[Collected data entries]
<<<<
lemma busy_after_lower:
  assumes "S \<subseteq> B" "i < N" "i \<notin> S" "i \<in> B \<or> u \<le> fail N w i" "u \<le> 1" "p01 \<le> p11"
  shows "busy_next p01 p11 u \<le> 1 - belief_update p01 p11 w B S i"
proof (cases "i \<in> B")
  case True
  then show ?thesis using assms busy_after_busy[of i B S] busy_next_mono by auto
next
  case False
  then show ?thesis using assms busy_after_unsensed[of i B S N] busy_next_mono by auto
qed

(* A myopic action minimises the probability that all sensed channels are busy: the
   channels it has but D lacks are pairwise at least as good as those D has but it lacks. *)
lemma myopic_minimizes_busy_prod:
  assumes myo: "myopic_action N k v C" and D: "valid_action N k D" and le1: "\<forall>i<N. v i \<le> 1"
  shows "(\<Prod>i\<in>C. 1 - v i) \<le> (\<Prod>i\<in>D. 1 - v i)"
proof -
  have fin: "finite C" "finite D" and CN: "C \<subseteq> {..<N}" and DN: "D \<subseteq> {..<N}"
    using myo D unfolding myopic_action_def valid_action_def by (auto intro: finite_subset)
  have card_eq: "card (C - D) = card (D - C)"
    using myo D fin unfolding myopic_action_def valid_action_def
    by (simp add: card_Diff_subset_Int Int_commute)
  have splitC: "(\<Prod>i\<in>C. 1 - v i) = (\<Prod>i\<in>C \<inter> D. 1 - v i) * (\<Prod>i\<in>C - D. 1 - v i)"
    and splitD: "(\<Prod>i\<in>D. 1 - v i) = (\<Prod>i\<in>C \<inter> D. 1 - v i) * (\<Prod>i\<in>D - C. 1 - v i)"
    using fin prod.Int_Diff[of C _ D] prod.Int_Diff[of D _ C] by (simp_all add: Int_commute)
  have "(\<Prod>i\<in>C - D. 1 - v i) \<le> (\<Prod>i\<in>D - C. 1 - v i)"
  proof (cases "C - D = {}")
    case True
    moreover have "D - C = {}" using True card_eq fin(2) by (metis card.empty card_0_eq finite_Diff)
    ultimately show ?thesis by simp
  next
    case False
    define t where "t = Min (v ` (C - D))"
    have t_in: "t \<in> v ` (C - D)" and t_le: "\<And>i. i \<in> C - D \<Longrightarrow> t \<le> v i"
      using False fin unfolding t_def by auto
    have above: "v j \<le> t" if "j \<in> D - C" for j
      using t_in that myo DN unfolding myopic_action_def by auto
    have t1: "t \<le> 1" using t_in CN le1 by auto
    have "(\<Prod>i\<in>C - D. 1 - v i) \<le> (\<Prod>i\<in>C - D. 1 - t)"
      using t_le CN le1 by (intro prod_mono) auto
    also have "\<dots> = (\<Prod>i\<in>D - C. 1 - t)" using card_eq by simp
    also have "\<dots> \<le> (\<Prod>i\<in>D - C. 1 - v i)"
      using above t1 by (intro prod_mono) auto
    finally show ?thesis .
  qed
  moreover have "0 \<le> (\<Prod>i\<in>C \<inter> D. 1 - v i)" using CN le1 by (intro prod_nonneg) auto
  ultimately show ?thesis
    unfolding splitC splitD by (rule mult_left_mono)
qed

lemma pair_prod_lower:
  fixes h :: "'a \<Rightarrow> real"
  assumes "card D = 2" "\<forall>i\<in>D. L \<le> h i" "\<forall>i\<in>D. i \<noteq> x \<longrightarrow> M \<le> h i" "0 \<le> L" "0 \<le> M"
  shows "L * M \<le> prod h D"
proof -
  obtain d1 d2 where D: "D = {d1, d2}" "d1 \<noteq> d2" using assms(1) by (metis card_2_iff)
  show ?thesis
  proof (cases "d2 = x")
    case True
    then have "M * L \<le> h d1 * h d2" using assms D by (intro mult_mono) auto
    then show ?thesis using D by (simp add: mult.commute)
  next
    case False
    then have "L * M \<le> h d1 * h d2" using assms D by (intro mult_mono) auto
    then show ?thesis using D by simp
  qed
qed
section \<open>The centres of the balls\<close>

lemma plane_eqI:
  assumes x: "x \<in> plane (Suc n)" and x': "x' \<in> plane (Suc n)"
    and eq: "\<And>b. b < n \<Longrightarrow> x (Suc b) = x' (Suc b)"
  shows "x = x'"
proof
  fix i
  show "x i = x' i"
  proof (cases "i \<in> {1..Suc n}")
    case True
    then obtain b where "i = Suc b" "b \<le> n" by (cases i) auto
    then show ?thesis using x x' eq[of b] by (cases "b = n") (auto simp: plane_def)
  next
    case False
    then show ?thesis using x x' by (auto simp: plane_def)
  qed
qed

lemma ip_diff_plane:
  assumes "x \<in> plane (Suc n)" and "x' \<in> plane (Suc n)"
  shows "ip (Suc n) x v - ip (Suc n) x' v = (\<Sum>b<n. (x (Suc b) - x' (Suc b)) * v (Suc b))"
  using assms by (simp add: ip_eq_sum_lessThan plane_def algebra_simps sum_subtractf)

lemma vnorm_diff_plane:
  assumes "x \<in> plane (Suc n)" and "x' \<in> plane (Suc n)"
  shows "vnorm (Suc n) (x - x') = L2_set (\<lambda>b. x (Suc b) - x' (Suc b)) {..<n}"
  using assms by (simp add: vnorm_def ip_eq_sum_lessThan plane_def L2_set_def power2_eq_square)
>>>>
REQUIRED ACTION: Nothing should be left out: return all of the records exactly.

ANSWER SECTION:
lemma busy_after_lower:
  assumes "S \<subseteq> B" "i < N" "i \<notin> S" "i \<in> B \<or> u \<le> fail N w i" "u \<le> 1" "p01 \<le> p11"
  shows "busy_next p01 p11 u \<le> 1 - belief_update p01 p11 w B S i"
proof (cases "i \<in> B")
  case True
  then show ?thesis using assms busy_after_busy[of i B S] busy_next_mono by auto
next
  case False
  then show ?thesis using assms busy_after_unsensed[of i B S N] busy_next_mono by auto
qed

(* A myopic action minimises the probability that all sensed channels are busy: the
   channels it has but D lacks are pairwise at least as good as those D has but it lacks. *)
lemma myopic_minimizes_busy_prod:
  assumes myo: "myopic_action N k v C" and D: "valid_action N k D" and le1: "\<forall>i<N. v i \<le> 1"
  shows "(\<Prod>i\<in>C. 1 - v i) \<le> (\<Prod>i\<in>D. 1 - v i)"
proof -
  have fin: "finite C" "finite D" and CN: "C \<subseteq> {..<N}" and DN: "D \<subseteq> {..<N}"
    using myo D unfolding myopic_action_def valid_action_def by (auto intro: finite_subset)
  have card_eq: "card (C - D) = card (D - C)"
    using myo D fin unfolding myopic_action_def valid_action_def
    by (simp add: card_Diff_subset_Int Int_commute)
  have splitC: "(\<Prod>i\<in>C. 1 - v i) = (\<Prod>i\<in>C \<inter> D. 1 - v i) * (\<Prod>i\<in>C - D. 1 - v i)"
    and splitD: "(\<Prod>i\<in>D. 1 - v i) = (\<Prod>i\<in>C \<inter> D. 1 - v i) * (\<Prod>i\<in>D - C. 1 - v i)"
    using fin prod.Int_Diff[of C _ D] prod.Int_Diff[of D _ C] by (simp_all add: Int_commute)
  have "(\<Prod>i\<in>C - D. 1 - v i) \<le> (\<Prod>i\<in>D - C. 1 - v i)"
  proof (cases "C - D = {}")
    case True
    moreover have "D - C = {}" using True card_eq fin(2) by (metis card.empty card_0_eq finite_Diff)
    ultimately show ?thesis by simp
  next
    case False
    define t where "t = Min (v ` (C - D))"
    have t_in: "t \<in> v ` (C - D)" and t_le: "\<And>i. i \<in> C - D \<Longrightarrow> t \<le> v i"
      using False fin unfolding t_def by auto
    have above: "v j \<le> t" if "j \<in> D - C" for j
      using t_in that myo DN unfolding myopic_action_def by auto
    have t1: "t \<le> 1" using t_in CN le1 by auto
    have "(\<Prod>i\<in>C - D. 1 - v i) \<le> (\<Prod>i\<in>C - D. 1 - t)"
      using t_le CN le1 by (intro prod_mono) auto
    also have "\<dots> = (\<Prod>i\<in>D - C. 1 - t)" using card_eq by simp
    also have "\<dots> \<le> (\<Prod>i\<in>D - C. 1 - v i)"
      using above t1 by (intro prod_mono) auto
    finally show ?thesis .
  qed
  moreover have "0 \<le> (\<Prod>i\<in>C \<inter> D. 1 - v i)" using CN le1 by (intro prod_nonneg) auto
  ultimately show ?thesis
    unfolding splitC splitD by (rule mult_left_mono)
qed

lemma pair_prod_lower:
  fixes h :: "'a \<Rightarrow> real"
  assumes "card D = 2" "\<forall>i\<in>D. L \<le> h i" "\<forall>i\<in>D. i \<noteq> x \<longrightarrow> M \<le> h i" "0 \<le> L" "0 \<le> M"
  shows "L * M \<le> prod h D"
proof -
  obtain d1 d2 where D: "D = {d1, d2}" "d1 \<noteq> d2" using assms(1) by (metis card_2_iff)
  show ?thesis
  proof (cases "d2 = x")
    case True
    then have "M * L \<le> h d1 * h d2" using assms D by (intro mult_mono) auto
    then show ?thesis using D by (simp add: mult.commute)
  next
    case False
    then have "L * M \<le> h d1 * h d2" using assms D by (intro mult_mono) auto
    then show ?thesis using D by simp
  qed
qed
section \<open>The centres of the balls\<close>

lemma plane_eqI:
  assumes x: "x \<in> plane (Suc n)" and x': "x' \<in> plane (Suc n)"
    and eq: "\<And>b. b < n \<Longrightarrow> x (Suc b) = x' (Suc b)"
  shows "x = x'"
proof
  fix i
  show "x i = x' i"
  proof (cases "i \<in> {1..Suc n}")
    case True
    then obtain b where "i = Suc b" "b \<le> n" by (cases i) auto
    then show ?thesis using x x' eq[of b] by (cases "b = n") (auto simp: plane_def)
  next
    case False
    then show ?thesis using x x' by (auto simp: plane_def)
  qed
qed

lemma ip_diff_plane:
  assumes "x \<in> plane (Suc n)" and "x' \<in> plane (Suc n)"
  shows "ip (Suc n) x v - ip (Suc n) x' v = (\<Sum>b<n. (x (Suc b) - x' (Suc b)) * v (Suc b))"
  using assms by (simp add: ip_eq_sum_lessThan plane_def algebra_simps sum_subtractf)

lemma vnorm_diff_plane:
  assumes "x \<in> plane (Suc n)" and "x' \<in> plane (Suc n)"
  shows "vnorm (Suc n) (x - x') = L2_set (\<lambda>b. x (Suc b) - x' (Suc b)) {..<n}"
  using assms by (simp add: vnorm_def ip_eq_sum_lessThan plane_def L2_set_def power2_eq_square)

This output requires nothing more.